What are Workflows?

Workflows are LLM-native sequences of actions that let your Duckie agent perform tasks in a predictable, automated way. Using workflows, you can fully customize your agent to fit your company’s needs and start automating repetitive customer support processes.

Through workflows, you can:

  1. Customize the response logic of your agent
  2. Modify the decision behavior
  3. Call Agent Tools to automate processes

How do Workflows Work?

Duckie’s workflows are comprised of three Node types:

  1. Action nodes perform specific actions, such as generating a response, searching your knowledge base, or calling an agent tool
  2. Conditional nodes determine which task to perform next by splitting the workflow path based on specific conditions.
  3. Workflow nodes call other workflows and are used to better manage sub-tasks within your support process.

Creating a Workflow

Initialization

The first thing to do when creating a new workflow is to navigate to the Workflows tab on the Duckie web app. Once there, simply press ADD.

Creating a new node

To create a new node, drag an edge from a node and select from the available node types.

Configuring a Conditional Node

Conditional nodes are comprised of If, Else If, and Else conditions. Each condition has a potential connection to a subsequent node.

There are two condition types:

  1. LLM Conditions use an LLM to determine whether a condition is met or not
  2. Comparator Conditions use deterministic comparisons

LLM Condition

To create an LLM Condition, select the LLM Condition type, complete the Prompt field, and add any necessary Inputs. To learn more about inputs, see the Node Inputs section.

Comparator Condition

To create a Comparator Condition, select the Comparator Condition and fill in the following fields:

  1. Input: The context that the comparator will use to compare
  2. Operator: The operator used for the comparisson (e.g. Equals, Contains, etc.)
  3. Value: The value to compare the input to

Coinfiguring an Action Node

Action nodes are used to perform specific actions / tasks within your workflow.

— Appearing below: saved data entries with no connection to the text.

lemma norm_centre_le: "norm (centre p i) \<le> (\<Sum>k<m. norm (q k))"
proof -
  have "norm (centre p i) \<le> (\<Sum>k<m. norm ((weight p i k / total_weight p i) *\<^sub>R q k))"
    unfolding centre_def by (rule norm_sum)
  also have "\<dots> \<le> (\<Sum>k<m. norm (q k))"
  proof (rule sum_mono)
    fix k assume "k \<in> {..<m}"
    then have "weight p i k \<le> total_weight p i"
      unfolding total_weight_def by (intro member_le_sum) (auto intro: less_imp_le[OF weight_pos])
    then have "weight p i k / total_weight p i \<le> 1"
      using total_weight_pos[of p i] by simp
    moreover have "0 \<le> weight p i k / total_weight p i"
      using weight_pos[of p i k] total_weight_pos[of p i] by simp
    ultimately have "weight p i k / total_weight p i * norm (q k) \<le> norm (q k)"
      by (intro mult_left_le_one_le) auto
    then show "norm ((weight p i k / total_weight p i) *\<^sub>R q k) \<le> norm (q k)"
      using weight_pos[of p i k] total_weight_pos[of p i] by simp
  qed
  finally show ?thesis .
qed

lemma inner_centre_command_ge:
  "\<epsilon> * (\<sigma>1 / real m) * (norm (centre p i - p i))\<^sup>2 \<le> (centre p i - p i) \<bullet> command p i"
proof -
  define a where "a = \<sigma>1 / real m"
  have "0 < a"
    using \<sigma>1_pos m_ge_1 by (simp add: a_def)
  have "\<epsilon> * (norm (v_ms \<beta> \<sigma>1 n m q p i))\<^sup>2 \<le> v_ms \<beta> \<sigma>1 n m q p i \<bullet> command p i"
    using inner_add_kappa2_ge[OF \<epsilon>_pos \<epsilon>_le_one] by (simp add: v_cv_def)
  then have "a * (\<epsilon> * a * (norm (centre p i - p i))\<^sup>2) \<le> a * ((centre p i - p i) \<bullet> command p i)"
    using \<open>0 < a\<close>
    by (simp add: v_ms_eq_centre a_def[symmetric] power_mult_distrib power2_eq_square mult_ac)
  then have "\<epsilon> * a * (norm (centre p i - p i))\<^sup>2 \<le> (centre p i - p i) \<bullet> command p i"
    using \<open>0 < a\<close> by (simp only: mult_le_cancel_left_pos)
  then show ?thesis
    by (simp add: a_def)
qed
(* Let $\{x_n\}$ be a sequence in $\Delta([a,b])$ converging to $x^*$. Then there exist an increasing sequence $\{x'_n\}$ and a decreasing sequence $\{x''_n\}$ in $\Delta([a,b])$ such that $x'_n\le x_n\le x''_n$ for all $n$ and $\lim_n x'_n=x^*=\lim_n x''_n$.
   Context: $a<b$ reals; $\Delta([a,b])$ is the set of Borel probability measures on $[a,b]$ with the topology of weak convergence. The order $\le$ is first-order stochastic dominance: $q\le p$ iff $\int h\,dq\le\int h\,dp$ for every bounded continuous nondecreasing $h:[a,b]\to\mathbf{R}$; increasing/decreasing refer to this order. *)

theory Defs
  imports "HOL-Probability.Probability"
begin

definition Delta :: "real \<Rightarrow> real \<Rightarrow> real measure set" where
  "Delta a b = {M. prob_space M \<and> sets M = sets (restrict_space borel {a..b})}"

definition weak_conv_on :: "real \<Rightarrow> real \<Rightarrow> (nat \<Rightarrow> real measure) \<Rightarrow> real measure \<Rightarrow> bool" where
  "weak_conv_on a b xs x \<longleftrightarrow>
     (\<forall>f :: real \<Rightarrow> real. continuous_on {a..b} f \<and> bounded (f ` {a..b}) \<longrightarrow>
        (\<lambda>n. \<integral>t. f t \<partial>(xs n)) \<longlonglongrightarrow> (\<integral>t. f t \<partial>x))"

definition fosd :: "real \<Rightarrow> real \<Rightarrow> real measure \<Rightarrow> real measure \<Rightarrow> bool" where
  "fosd a b q p \<longleftrightarrow>
     (\<forall>h :: real \<Rightarrow> real. continuous_on {a..b} h \<and> bounded (h ` {a..b}) \<and> mono_on {a..b} h \<longrightarrow>
        (\<integral>t. h t \<partial>q) \<le> (\<integral>t. h t \<partial>p))"

end

theory Submission
  imports Defs
begin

A number of “out-of-the-box” actions are available, including the core Duckie actions that are used as the base building-blocks for workflows. These include:

  1. Duckie Responder: Sends a message to the end-user. This can be LLM generated or pre-defined.
  2. Duckie Knowledge Search: Performs a search of your agent’s knowledge base to find information.
  3. Duckie Escalator: Sends an escalation message to your support team, as well as an informational message to the end-user. This can be LLM generated or pre-defined.
  4. Duckie LLM Call: Performs an LLM call given your provided prompt and context. This can then be used as the input to subsequent actions.

Action Node Parameters

Each action node will have a list of parameters that are used to perform the action. When you select an Action, you will see a list of available parameters. Each parameter has inputs (learn more), which are used as inputs to the parameter.

Configuring a Workflow Node

Workflow nodes call child workflows. They are used to separate workflow logic into modularized components which can then be referenced in multiple places.

To create a workflow node, select the Workflow Node type, and select the child workflow from the dropdown.

Node Inputs

Node inputs are used to reference information within a node.

Memory

Memory inputs are used to access details of a specific agent run. Available options are:

  1. Conversation: Contains the current Conversation
  2. Guidance: Contains any Guidance items specific to the run (learn more here)
  3. Run history: Contains execution information about the run, such as previous nodes

Node Ouput

The Node Output references the outputs of previous nodes. For example, you may have an LLM Call action node that you want to use as an input to a subsequent node

Value

Value lets you input a value that will be used deterministically.

LLM Extract

The LLM Extract uses an LLM to generate an input value based on the context provided to it. For example, you may use LLM Extract with the conversation as context as the input to a Subject field.